Handler: http.HandlerFunc(
    func(w http.ResponseWriter, r *http.Request) {
        w.Header().Add("Strict-Transport-Security", "max-age=63072000; includeSubdomains")
        w.Header().Add("Content-Security-Policy", "default-src 'self'")
        w.Header().Add("X-XSS-Protection", "1; mode=block")
        w.Header().Add("X-Frame-Options", "DENY")
        w.Header().Add("Referrer-Policy", "strict-origin-when-cross-origin")
        w.Header().Add("X-Content-Type-Options", "nosniff")
        w.Header().Add("Content-Type", "text/plain")

        r.Body = http.MaxBytesReader(w, r.Body, 1<<20)
        w.Write([]byte("hello, world!\n"))
    },
),

Let’s go over the code again, and check what headers we’ve added, what they protect us from, and how we set it.

w.Header().Add("Strict-Transport-Security", "max-age=63072000; includeSubdomains")

Here we set the ‘HSTS’ header (HTTP Strict Transport Security). This will tell that clients should automatically interact with the server using HTTPS connections. By setting the response header we specify the period of time the client should only access the server in a secure fashion. It protects against ‘protocol downgrade attacks’, and ‘cookie hijacking’. (Wikipedia 2020c; OWASP 2020b) The value max-age specifies the time the client should remember that the site should be accessed by HTTPS. The value includeSubdomains implies that this rule applies to all subdomains as well.17

w.Header().Add("Content-Security-Policy", "default-src 'self'")
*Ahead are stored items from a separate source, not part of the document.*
(* Let $P$ be a finite self-dual poset and let $\kappa:P\to P$ be an order-reversing bijection which is an involution. For $I\in\mathcal J(P)$ let $I'$ be the order ideal generated by the antichain $\kappa(\max(I))$. Then for all $I\in\mathcal J(P)$, $\rho^{-1}(I')=(\rho(I))'$.
   Context: $\mathcal J(P)$ is the set of order ideals of $P$. Rowmotion $\rho:\mathcal J(P)\to\mathcal J(P)$ sends $I$ to the order ideal generated by $\min(P\setminus I)$; it is a bijection. An order-reversing bijection $\kappa$ satisfies $x\le y\iff\kappa(x)\ge\kappa(y)$. *)

theory Defs
  imports Main
begin

definition order_ideals :: "'a::order set \<Rightarrow> 'a set set" where
  "order_ideals P = {I. I \<subseteq> P \<and> (\<forall>x\<in>I. \<forall>y\<in>P. y \<le> x \<longrightarrow> y \<in> I)}"

definition minimals :: "'a::order set \<Rightarrow> 'a set" where
  "minimals A = {x\<in>A. \<not> (\<exists>y\<in>A. y < x)}"

definition maximals :: "'a::order set \<Rightarrow> 'a set" where
  "maximals A = {x\<in>A. \<not> (\<exists>y\<in>A. x < y)}"

definition ideal_gen :: "'a::order set \<Rightarrow> 'a set \<Rightarrow> 'a set" where
  "ideal_gen P A = {x\<in>P. \<exists>a\<in>A. x \<le> a}"

definition rowmotion :: "'a::order set \<Rightarrow> 'a set \<Rightarrow> 'a set" where
  "rowmotion P I = ideal_gen P (minimals (P - I))"

definition order_reversing_bij :: "'a::order set \<Rightarrow> ('a \<Rightarrow> 'a) \<Rightarrow> bool" where
  "order_reversing_bij P k \<longleftrightarrow> bij_betw k P P \<and>
     (\<forall>x\<in>P. \<forall>y\<in>P. x \<le> y \<longleftrightarrow> k x \<ge> k y)"

definition self_dual :: "'a::order set \<Rightarrow> bool" where
  "self_dual P \<longleftrightarrow> (\<exists>k. order_reversing_bij P k)"

definition prime_ideal_op :: "'a::order set \<Rightarrow> ('a \<Rightarrow> 'a) \<Rightarrow> 'a set \<Rightarrow> 'a set" where
  "prime_ideal_op P k I = ideal_gen P (k ` maximals I)"

end

theory Submission
  imports Defs
begin

text \<open>
  Rowmotion sends I to the ideal generated by the minimal elements of its complement, so
  \<open>max (\<rho> I) = min (P - I)\<close>. Since \<open>\<kappa>\<close> reverses the order, \<open>\<kappa> (min (P - I)) = max (\<kappa> (P - I))\<close>,
  and \<open>\<kappa> (P - I)\<close> is itself an order ideal; hence \<open>(\<rho> I)' = \<kappa> (P - I)\<close>. Its complement is
  \<open>\<kappa> I\<close>, whose minimal elements are \<open>\<kappa> (max I)\<close>, so \<open>\<rho> (\<kappa> (P - I)) = I'\<close>. As \<open>\<rho>\<close> is
  injective, this means \<open>\<rho>\<^sup>-\<^sup>1 (I') = (\<rho> I)'\<close>.
\<close>

lemma ideal_gen_in_order_ideals: "ideal_gen P A \<in> order_ideals P"
  unfolding ideal_gen_def order_ideals_def by (auto intro: order_trans)

lemma maximals_minimals: "maximals (minimals A) = minimals A"
  unfolding maximals_def minimals_def by auto

lemma maximals_ideal_gen:
  assumes "A \<subseteq> P"
  shows "maximals (ideal_gen P A) = maximals A"
  using assms unfolding maximals_def ideal_gen_def
  by (auto 4 3 simp: less_le intro: order_trans dest: order_trans)

lemma maximals_rowmotion: "maximals (rowmotion P I) = minimals (P - I)"
proof -
  have "minimals (P - I) \<subseteq> P" by (auto simp: minimals_def)
  then show ?thesis
    unfolding rowmotion_def by (simp add: maximals_ideal_gen maximals_minimals)
qed

lemma ideal_gen_maximals:
  assumes "finite B" and "B \<in> order_ideals P"
  shows "ideal_gen P (maximals B) = B"
proof
  show "ideal_gen P (maximals B) \<subseteq> B"
    using assms(2) unfolding ideal_gen_def maximals_def order_ideals_def by auto
  show "B \<subseteq> ideal_gen P (maximals B)"
  proof
    fix x assume "x \<in> B"
    then obtain m where "m \<in> B" "x \<le> m" "\<forall>b\<in>B. m \<le> b \<longrightarrow> m = b"
      using finite_has_maximal2[OF assms(1)] by blast
    then have "m \<in> maximals B" unfolding maximals_def by (auto simp: less_le)
    with \<open>x \<in> B\<close> \<open>x \<le> m\<close> assms(2) show "x \<in> ideal_gen P (maximals B)"
      unfolding ideal_gen_def order_ideals_def by auto
  qed
qed

lemma complement_eq_upset_minimals:
  assumes "finite (P - I)" and "I \<in> order_ideals P"
  shows "P - I = {x\<in>P. \<exists>m\<in>minimals (P - I). m \<le> x}"
proof
  show "P - I \<subseteq> {x\<in>P. \<exists>m\<in>minimals (P - I). m \<le> x}"
  proof
    fix x assume "x \<in> P - I"
    then obtain m where "m \<in> P - I" "m \<le> x" and "\<forall>b\<in>P - I. b \<le> m \<longrightarrow> m = b"
      using finite_has_minimal2[OF assms(1)] by blast
    then have "m \<in> minimals (P - I)" unfolding minimals_def by (auto simp: less_le)
    with \<open>x \<in> P - I\<close> \<open>m \<le> x\<close> show "x \<in> {x\<in>P. \<exists>m\<in>minimals (P - I). m \<le> x}" by auto
  qed
  show "{x\<in>P. \<exists>m\<in>minimals (P - I). m \<le> x} \<subseteq> P - I"
    using assms(2) unfolding minimals_def order_ideals_def by auto
qed

lemma inj_on_rowmotion:
  assumes "finite P"
  shows "inj_on (rowmotion P) (order_ideals P)"
proof (rule inj_onI)
  fix I J assume I: "I \<in> order_ideals P" and J: "J \<in> order_ideals P"
    and "rowmotion P I = rowmotion P J"
  then have "minimals (P - I) = minimals (P - J)" by (metis maximals_rowmotion)
  then have "P - I = P - J"
    using complement_eq_upset_minimals[OF finite_Diff[OF assms] I]
      complement_eq_upset_minimals[OF finite_Diff[OF assms] J]
    by simp
  moreover have "I \<subseteq> P" "J \<subseteq> P" using I J unfolding order_ideals_def by auto
  ultimately show "I = J" by blast
qed

lemma order_reversing_bij_less_iff:
  assumes "order_reversing_bij P k" and "x \<in> P" and "y \<in> P"
  shows "k x < k y \<longleftrightarrow> y < x"
proof -
  have "inj_on k P" using assms(1) unfolding order_reversing_bij_def bij_betw_def by auto
  then have "k x = k y \<longleftrightarrow> x = y" using assms(2,3) by (metis inj_on_eq_iff)
  moreover have "x \<le> y \<longleftrightarrow> k y \<le> k x" "y \<le> x \<longleftrightarrow> k x \<le> k y"
    using assms unfolding order_reversing_bij_def by auto
  ultimately show ?thesis by (auto simp: less_le)
qed

lemma order_reversing_image_maximals:
  assumes "order_reversing_bij P k" and "A \<subseteq> P"
  shows "k ` maximals A = minimals (k ` A)"
proof -
  have "(\<exists>y\<in>A. x < y) \<longleftrightarrow> (\<exists>y\<in>A. k y < k x)" if "x \<in> A" for x
    using that assms(2) order_reversing_bij_less_iff[OF assms(1)] by blast
  then show ?thesis unfolding maximals_def minimals_def by blast
qed

lemma order_reversing_image_minimals:
  assumes "order_reversing_bij P k" and "A \<subseteq> P"
  shows "k ` minimals A = maximals (k ` A)"
proof -
  have "(\<exists>y\<in>A. y < x) \<longleftrightarrow> (\<exists>y\<in>A. k x < k y)" if "x \<in> A" for x
    using that assms(2) order_reversing_bij_less_iff[OF assms(1)] by blast
  then show ?thesis unfolding maximals_def minimals_def by blast
qed

lemma order_reversing_image_complement_ideal:
  assumes "order_reversing_bij P k" and "I \<in> order_ideals P"
  shows "k ` (P - I) \<in> order_ideals P"
  unfolding order_ideals_def
proof (intro CollectI conjI ballI impI)
  have "k ` P = P" and k_le: "\<forall>x\<in>P. \<forall>y\<in>P. x \<le> y \<longleftrightarrow> k y \<le> k x"
    using assms(1) unfolding order_reversing_bij_def bij_betw_def by auto
  then show "k ` (P - I) \<subseteq> P" by auto
  fix x y assume "x \<in> k ` (P - I)" and "y \<in> P" and "y \<le> x"
  then obtain u v where "u \<in> P - I" "x = k u" "v \<in> P" "y = k v"
    using \<open>k ` P = P\<close> by (metis image_iff)
  with \<open>y \<le> x\<close> k_le have "u \<le> v" by auto
  with \<open>u \<in> P - I\<close> \<open>v \<in> P\<close> assms(2) have "v \<notin> I" unfolding order_ideals_def by auto
  with \<open>v \<in> P\<close> \<open>y = k v\<close> show "y \<in> k ` (P - I)" by auto
qed

lemma bij_betw_complement_image_complement:
  assumes "bij_betw k P P" and "I \<subseteq> P"
  shows "P - k ` (P - I) = k ` I"
proof -
  have "k ` (P - I) = k ` P - k ` I"
    using assms by (meson bij_betw_imp_inj_on inj_on_image_set_diff Diff_subset)
  with assms show ?thesis by (auto simp: bij_betw_imp_surj_on bij_betw_apply)
qed

lemma prime_ideal_op_rowmotion:
  assumes "finite P" and "order_reversing_bij P k" and "I \<in> order_ideals P"
  shows "prime_ideal_op P k (rowmotion P I) = k ` (P - I)"
proof -
  have "prime_ideal_op P k (rowmotion P I) = ideal_gen P (k ` minimals (P - I))"
    unfolding prime_ideal_op_def maximals_rowmotion ..
  also have "\<dots> = ideal_gen P (maximals (k ` (P - I)))"
    using order_reversing_image_minimals[OF assms(2)] by auto
  also have "\<dots> = k ` (P - I)"
    using assms(1)
    by (intro ideal_gen_maximals order_reversing_image_complement_ideal[OF assms(2,3)]) simp
  finally show ?thesis .
qed

lemma rowmotion_image_complement:
  assumes "order_reversing_bij P k" and "I \<subseteq> P"
  shows "rowmotion P (k ` (P - I)) = prime_ideal_op P k I"
proof -
  have "bij_betw k P P" using assms(1) unfolding order_reversing_bij_def by auto
  have "rowmotion P (k ` (P - I)) = ideal_gen P (minimals (P - k ` (P - I)))"
    unfolding rowmotion_def ..
  also have "\<dots> = ideal_gen P (minimals (k ` I))"
    using bij_betw_complement_image_complement[OF \<open>bij_betw k P P\<close> assms(2)] by simp
  also have "\<dots> = prime_ideal_op P k I"
    unfolding prime_ideal_op_def order_reversing_image_maximals[OF assms] ..
  finally show ?thesis .
qed

theorem lemma5p13:
  fixes P :: "'a::order set" and \<kappa> :: "'a \<Rightarrow> 'a"
  assumes "finite P"
    and "self_dual P"
    and "order_reversing_bij P \<kappa>"
    and "\<forall>x\<in>P. \<kappa> (\<kappa> x) = x"
    and "I \<in> order_ideals P"
  shows "the_inv_into (order_ideals P) (rowmotion P) (prime_ideal_op P \<kappa> I)
         = prime_ideal_op P \<kappa> (rowmotion P I)"
proof (rule the_inv_into_f_eq[OF inj_on_rowmotion[OF assms(1)]])
  have "I \<subseteq> P" using assms(5) unfolding order_ideals_def by auto
  then show "rowmotion P (prime_ideal_op P \<kappa> (rowmotion P I)) = prime_ideal_op P \<kappa> I"
    by (simp add: prime_ideal_op_rowmotion[OF assms(1,3,5)]
        rowmotion_image_complement[OF assms(3)])
  show "prime_ideal_op P \<kappa> (rowmotion P I) \<in> order_ideals P"
    unfolding prime_ideal_op_def by (rule ideal_gen_in_order_ideals)
qed

end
The ‘CSP’ header (Content Security Policy), allows you to define a policy of what resources the client is allowed to load/run. It specifies the domains the client should consider valid sources. Let’s say you have a web application that allows content to be loaded within the web application that originates from somewhere else. With CSP you’re able to white list origins for scripts, images, fonts, stylesheets, etc. It protects against certain ‘cross-site scripting attacks’ (XSS), which exploit the clients’ trust of the content received from the server. Malicious scripts can be thus be executed by the client because it trusts the source of the content, even when it not from where it seems to be from. The policy "default-src 'self'" defines that all content should come from the site’s own origin, this excludes subdomains.18

w.Header().Add("X-XSS-Protection", "1; mode=block")

The ‘X-XSS-Protection’ header stops pages from loading when they detect XSS (Cross-site scripting) attacks. This is where the attacker causes a page to load some malicious JavaScript, and does so by sending the malicious payload as part of the request. With this header specify to load or block the page from loading. The setting "1; mode=block;" will completely block the page from loading. This is a special feature header for the Chrome and Internet Explorer browsers, and seems to be unnecessary for API’s and should be covered by a restrictive Content Security Policy.19

w.Header().Add("X-Frame-Options", "DENY")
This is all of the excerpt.